[Collection entries]
(* Consider the sequences $(x_k),(y_k),(\nu_k),(\lambda_k)$ generated by Algorithm 2 (described in the context), and let $A$, $K$ and $(i_k)$ be as defined in the context. Set $\sigma:=\frac{2\hat\theta}{\eta L}$. Then $\sigma<1$ and, for all $k\in K$, $$\nu_{i_k}\in N_C(y_{i_k}),$$ $$\big\|\lambda_{i_k}(F(y_{i_k})+\nu_{i_k})+y_{i_k}-x_{i_{k-1}}\big\|\le\sigma\|y_{i_k}-x_{i_{k-1}}\|,$$ $$\lambda_{i_k}\|y_{i_k}-x_{i_{k-1}}\|\ge\eta,$$ $$x_{i_k}=x_{i_{k-1}}-\tau\lambda_{i_k}(F(y_{i_k})+\nu_{i_k}).$$ Consequently, the sequences $(x_{i_k})_{k\in K}$, $(y_{i_k})_{k\in K}$, $(\lambda_{i_k})_{k\in K}$ (with $x_{i_0}=x_0$) are generated by the large-step under-relaxed HPE method (Algorithm 1 in the context) with parameters $\tau$, $\sigma$, $\eta$ and $N=\#A$.
   Context: Setting: $\mathcal H$ real Hilbert space; $C\subseteq\mathcal H$ nonempty closed convex; $N_C(x)=\{\nu:\langle\nu,y-x\rangle\le0\ \forall y\in C\}$ if $x\in C$, $N_C(x)=\emptyset$ otherwise. $F:C\to\mathcal H$ is monotone, continuously differentiable, and $\|F'(x)-F'(y)\|\le L\|x-y\|$ for all $x,y\in C$, with $L>0$; the set of $x$ with $0\in F(x)+N_C(x)$ is nonempty. For $y\in C$, $F_y(x):=F(y)+F'(y)(x-y)$. Parameters: $0\le\hat\sigma<1/2$; $0<\theta<(1-\hat\sigma)(1-2\hat\sigma)$; $\hat\theta:=\theta\big(\frac{\hat\sigma}{1-\hat\sigma}+\frac{\theta}{(1-\hat\sigma)^2}\big)$; $\eta>2\hat\theta/L$; $\tau:=\dfrac{2(\theta-\hat\theta)}{2\theta+\frac{\eta L}{2}+\sqrt{(2\theta+\frac{\eta L}{2})^2-4\theta(\theta-\hat\theta)}}$ (one has $0<\tau<1$). Algorithm 2: input $x_0\in C$, $y_0:=x_0$, $\nu_0:=0$, $\lambda_1>0$ with $\lambda_1^2\|F(y_0)\|\le2\theta/L$. For $k=1,2,\dots$: if $F(y_{k-1})+\nu_{k-1}=0$, stop and return $y_{k-1}$. If $\frac{\lambda_kL}{2}\|\lambda_k(F(y_{k-1})+\nu_{k-1})+y_{k-1}-x_{k-1}\|\le\hat\theta$, set $y_k=y_{k-1}$, $\nu_k=\nu_{k-1}$; otherwise find any $(y_k,\nu_k)$ with $\nu_k\in N_C(y_k)$ and $\|\lambda_k(F_{y_{k-1}}(y_k)+\nu_k)+y_k-x_{k-1}\|\le\hat\sigma\|y_k-y_{k-1}\|$. Then, if $\lambda_k\|y_k-x_{k-1}\|\ge\eta$, set $x_k=x_{k-1}-\tau\lambda_k(F(y_k)+\nu_k)$ and $\lambda_{k+1}=(1-\tau)\lambda_k$; else set $x_k=x_{k-1}$ and $\lambda_{k+1}=\lambda_k/(1-\tau)$. Standing assumption: the algorithm never stops at the first test, i.e. $F(y_{k-1})+\nu_{k-1}\neq0$ for all $k$. Index sets: $A=\{k\ge1:\lambda_k\|y_k-x_{k-1}\|\ge\eta\}$; $K=\{k\ge1: k\le\#A\}$; $i_0=0$ and $i_k$ is the $k$-th element of $A$ (in increasing order), so $A=\{i_k:k\in K\}$. Algorithm 1 (large-step under-relaxed HPE method) with input $x_0\in\mathcal H$, $0<\tau<1$, $0\le\sigma<1$, $\eta>0$, $N\in\mathbb N\cup\{\infty\}$: for $k=1,\dots,N$, choose $\lambda_k>0$ and $y_k\in\mathcal H$, $\nu_k\in N_C(y_k)$ with $\|\lambda_k(F(y_k)+\nu_k)+y_k-x_{k-1}\|\le\sigma\|y_k-x_{k-1}\|$ and $\lambda_k\|y_k-x_{k-1}\|\ge\eta$, and set $x_k=x_{k-1}-\tau\lambda_k(F(y_k)+\nu_k)$. *)

theory Defs
  imports "HOL-Analysis.Analysis" "HOL-Library.Infinite_Set" "HOL-Library.Extended_Nat"
begin

definition normal_cone :: "'a::real_inner set \<Rightarrow> 'a \<Rightarrow> 'a set" where
  "normal_cone C x = (if x \<in> C then {v. \<forall>y\<in>C. inner v (y - x) \<le> 0} else {})"

definition linearization :: "('a::real_vector \<Rightarrow> 'a) \<Rightarrow> ('a \<Rightarrow> 'a \<Rightarrow> 'a) \<Rightarrow> 'a \<Rightarrow> 'a \<Rightarrow> 'a" where
  "linearization F F' y x = F y + F' y (x - y)"

definition theta_hat :: "real \<Rightarrow> real \<Rightarrow> real" where
  "theta_hat sh th = th * (sh / (1 - sh) + th / (1 - sh)^2)"

definition tau_param :: "real \<Rightarrow> real \<Rightarrow> real \<Rightarrow> real \<Rightarrow> real" where
  "tau_param sh th eta L =
     (let thh = theta_hat sh th in
      2 * (th - thh) /
        (2 * th + eta * L / 2 + sqrt ((2 * th + eta * L / 2)^2 - 4 * th * (th - thh))))"

text \<open>Sequences (x_k, y_k, nu_k, lambda_k) generated by Algorithm 2
  (with the standing assumption that the first stopping test never fires).\<close>
definition algorithm2 ::
  "'a::real_inner set \<Rightarrow> ('a \<Rightarrow> 'a) \<Rightarrow> ('a \<Rightarrow> 'a \<Rightarrow> 'a) \<Rightarrow> real \<Rightarrow> real \<Rightarrow> real \<Rightarrow> real \<Rightarrow>
   (nat \<Rightarrow> 'a) \<Rightarrow> (nat \<Rightarrow> 'a) \<Rightarrow> (nat \<Rightarrow> 'a) \<Rightarrow> (nat \<Rightarrow> real) \<Rightarrow> bool" where
  "algorithm2 C F F' L sh th eta x y nu lam \<longleftrightarrow>
     (let thh = theta_hat sh th; tau = tau_param sh th eta L in
      x 0 \<in> C \<and> y 0 = x 0 \<and> nu 0 = 0 \<and> lam 1 > 0 \<and>
      (lam 1)^2 * norm (F (y 0)) \<le> 2 * th / L \<and>
      (\<forall>k\<ge>1.
         (if lam k * L / 2 * norm (lam k *\<^sub>R (F (y (k-1)) + nu (k-1)) + y (k-1) - x (k-1)) \<le> thh
          then y k = y (k-1) \<and> nu k = nu (k-1)
          else nu k \<in> normal_cone C (y k) \<and>
               norm (lam k *\<^sub>R (linearization F F' (y (k-1)) (y k) + nu k) + y k - x (k-1))
                 \<le> sh * norm (y k - y (k-1))) \<and>
         (if lam k * norm (y k - x (k-1)) \<ge> eta
          then x k = x (k-1) - (tau * lam k) *\<^sub>R (F (y k) + nu k) \<and> lam (k+1) = (1 - tau) * lam k
          else x k = x (k-1) \<and> lam (k+1) = lam k / (1 - tau))))"

definition hpe_run ::
  "'a::real_inner set \<Rightarrow> ('a \<Rightarrow> 'a) \<Rightarrow> real \<Rightarrow> real \<Rightarrow> real \<Rightarrow> enat \<Rightarrow>
   (nat \<Rightarrow> 'a) \<Rightarrow> (nat \<Rightarrow> 'a) \<Rightarrow> (nat \<Rightarrow> 'a) \<Rightarrow> (nat \<Rightarrow> real) \<Rightarrow> bool" where
  "hpe_run C F tau sg eta N x y nu lam \<longleftrightarrow>
     0 < tau \<and> tau < 1 \<and> 0 \<le> sg \<and> sg < 1 \<and> eta > 0 \<and>
     (\<forall>k. 1 \<le> k \<and> enat k \<le> N \<longrightarrow>
        lam k > 0 \<and> nu k \<in> normal_cone C (y k) \<and>
        norm (lam k *\<^sub>R (F (y k) + nu k) + y k - x (k-1)) \<le> sg * norm (y k - x (k-1)) \<and>
        lam k * norm (y k - x (k-1)) \<ge> eta \<and>
        x k = x (k-1) - (tau * lam k) *\<^sub>R (F (y k) + nu k))"

definition large_steps :: "(nat \<Rightarrow> 'a::real_normed_vector) \<Rightarrow> (nat \<Rightarrow> 'a) \<Rightarrow> (nat \<Rightarrow> real) \<Rightarrow> real \<Rightarrow> nat set" where
  "large_steps x y lam eta = {k. k \<ge> 1 \<and> lam k * norm (y k - x (k-1)) \<ge> eta}"

definition ecard :: "nat set \<Rightarrow> enat" where
  "ecard S = (if finite S then enat (card S) else \<infinity>)"

definition idx :: "nat set \<Rightarrow> nat \<Rightarrow> nat" where
  "idx S k = (if k = 0 then 0 else enumerate S (k - 1))"

end

theory Submission
  imports Defs
begin

text \<open>Along Algorithm 2 the quantity
  \<open>\<rho>\<^sub>k = \<lambda>\<^sub>k\<^sub>+\<^sub>1 L / 2 \<cdot> \<parallel>\<lambda>\<^sub>k\<^sub>+\<^sub>1 (F(y\<^sub>k) + \<nu>\<^sub>k) + y\<^sub>k - x\<^sub>k\<parallel>\<close> never exceeds \<open>\<theta>\<close>.
  An inexact Newton step started from \<open>\<rho> \<le> \<theta>\<close> brings it down to \<open>\<hat>\<theta>\<close>: monotonicity of \<open>F\<close>
  (hence of \<open>F'\<close>) and of the normal cone bounds the step length, and the quadratic Taylor
  bound for the Lipschitz derivative bounds the new residual. The subsequent update of \<open>\<lambda>\<close>
  raises \<open>\<rho>\<close> again by at most what the choice of \<open>\<tau>\<close> allows, so \<open>\<rho> \<le> \<theta>\<close> is restored.
  At a large step, \<open>\<lambda> \<parallel>y - x\<parallel> \<ge> \<eta>\<close> turns \<open>\<rho> \<le> \<hat>\<theta>\<close> into the HPE relative error condition
  with \<open>\<sigma> = 2\<hat>\<theta> / (\<eta> L)\<close>, and between two large steps \<open>x\<close> does not move.\<close>

lemma linearization_error_bound:
  fixes F :: "'a::real_inner \<Rightarrow> 'a"
  assumes C: "convex C"
    and F_deriv: "\<forall>u\<in>C. (F has_derivative F' u) (at u within C)"
    and F'_lin: "\<forall>u\<in>C. bounded_linear (F' u)"
    and F'_lip: "\<forall>u\<in>C. \<forall>v\<in>C. onorm (\<lambda>w. F' u w - F' v w) \<le> L * norm (u - v)"
    and x: "x \<in> C" and y: "y \<in> C"
  shows "norm (F y - linearization F F' x y) \<le> L / 2 * norm (y - x)^2"
proof -
  define p where "p t = x + t *\<^sub>R (y - x)" for t
  define R where "R t = F (p t) - t *\<^sub>R F' x (y - x)" for t
  have p_in: "p t \<in> C" if "t \<in> {0..1}" for t
  proof -
    have "p t = (1 - t) *\<^sub>R x + t *\<^sub>R y" by (simp add: p_def algebra_simps)
    then show ?thesis using that C x y by (simp add: convex_alt)
  qed
  have "(F has_derivative F' z) (at z within p ` {0..1})" if "z \<in> p ` {0..1}" for z
    using that p_in by (blast intro: has_derivative_subset[OF F_deriv[rule_format]])
  then have "continuous_on (p ` {0..1}) F"
    unfolding continuous_on_eq_continuous_within by (meson has_derivative_continuous)
  then have "continuous_on {0..1} (F \<circ> p)"
    by (intro continuous_on_compose) (auto simp: p_def intro!: continuous_intros)
  then have R_cont: "continuous_on {0..1} R"
    unfolding R_def o_def by (intro continuous_intros)
  have R_deriv: "(R has_vector_derivative F' (p t) (y - x) - F' x (y - x)) (at t)"
    if t: "0 < t" "t < 1" for t
  proof -
    interpret linear "F' (p t)"
      using t p_in F'_lin by (auto intro!: bounded_linear.linear)
    have "(F \<circ> p has_derivative F' (p t) \<circ> (\<lambda>s. 0 + s *\<^sub>R (y - x))) (at t within {0<..<1})"
      unfolding p_def
      by (intro derivative_intros has_derivative_subset[OF F_deriv[rule_format]]) (use t p_in[unfolded p_def] in auto)
    then have "(F \<circ> p has_vector_derivative F' (p t) (y - x)) (at t)"
      using t by (simp add: at_within_open[of t "{0<..<1}"] scaleR has_vector_derivative_def o_def)
    then show ?thesis
      unfolding R_def o_def by (auto intro!: derivative_eq_intros)
  qed
  have R'_bound: "norm (F' (p t) (y - x) - F' x (y - x)) \<le> t * L * norm (y - x)^2"
    if t: "0 < t" "t < 1" for t
  proof -
    have pt: "p t \<in> C" using p_in t by auto
    have "norm (F' (p t) (y - x) - F' x (y - x)) \<le> onorm (\<lambda>w. F' (p t) w - F' x w) * norm (y - x)"
      using onorm[OF bounded_linear_sub] pt x F'_lin by auto
    also have "\<dots> \<le> L * norm (p t - x) * norm (y - x)"
      using F'_lip pt x by (auto intro: mult_right_mono)
    also have "\<dots> = t * L * norm (y - x)^2"
      using t by (simp add: p_def power2_eq_square)
    finally show ?thesis .
  qed
  define \<phi> where "\<phi> t = t\<^sup>2 / 2 * L * norm (y - x)^2" for t
  have "continuous_on {0..1} \<phi>"
    unfolding \<phi>_def by (intro continuous_intros) auto
  moreover have "(\<phi> has_vector_derivative t * L * norm (y - x)^2) (at t)" for t
    unfolding \<phi>_def by (auto simp: has_vector_derivative_def intro!: derivative_eq_intros)
  ultimately have "norm (R 1 - R 0) \<le> \<phi> 1 - \<phi> 0"
    using differentiable_bound_general[OF zero_less_one R_cont _ R_deriv _ R'_bound] by blast
  then show ?thesis
    by (simp add: R_def p_def \<phi>_def linearization_def algebra_simps)
qed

## EXERCISE BRIEF
Looking at the data above, say how many lines contain "enat", and give no other words.

## SOLUTION
4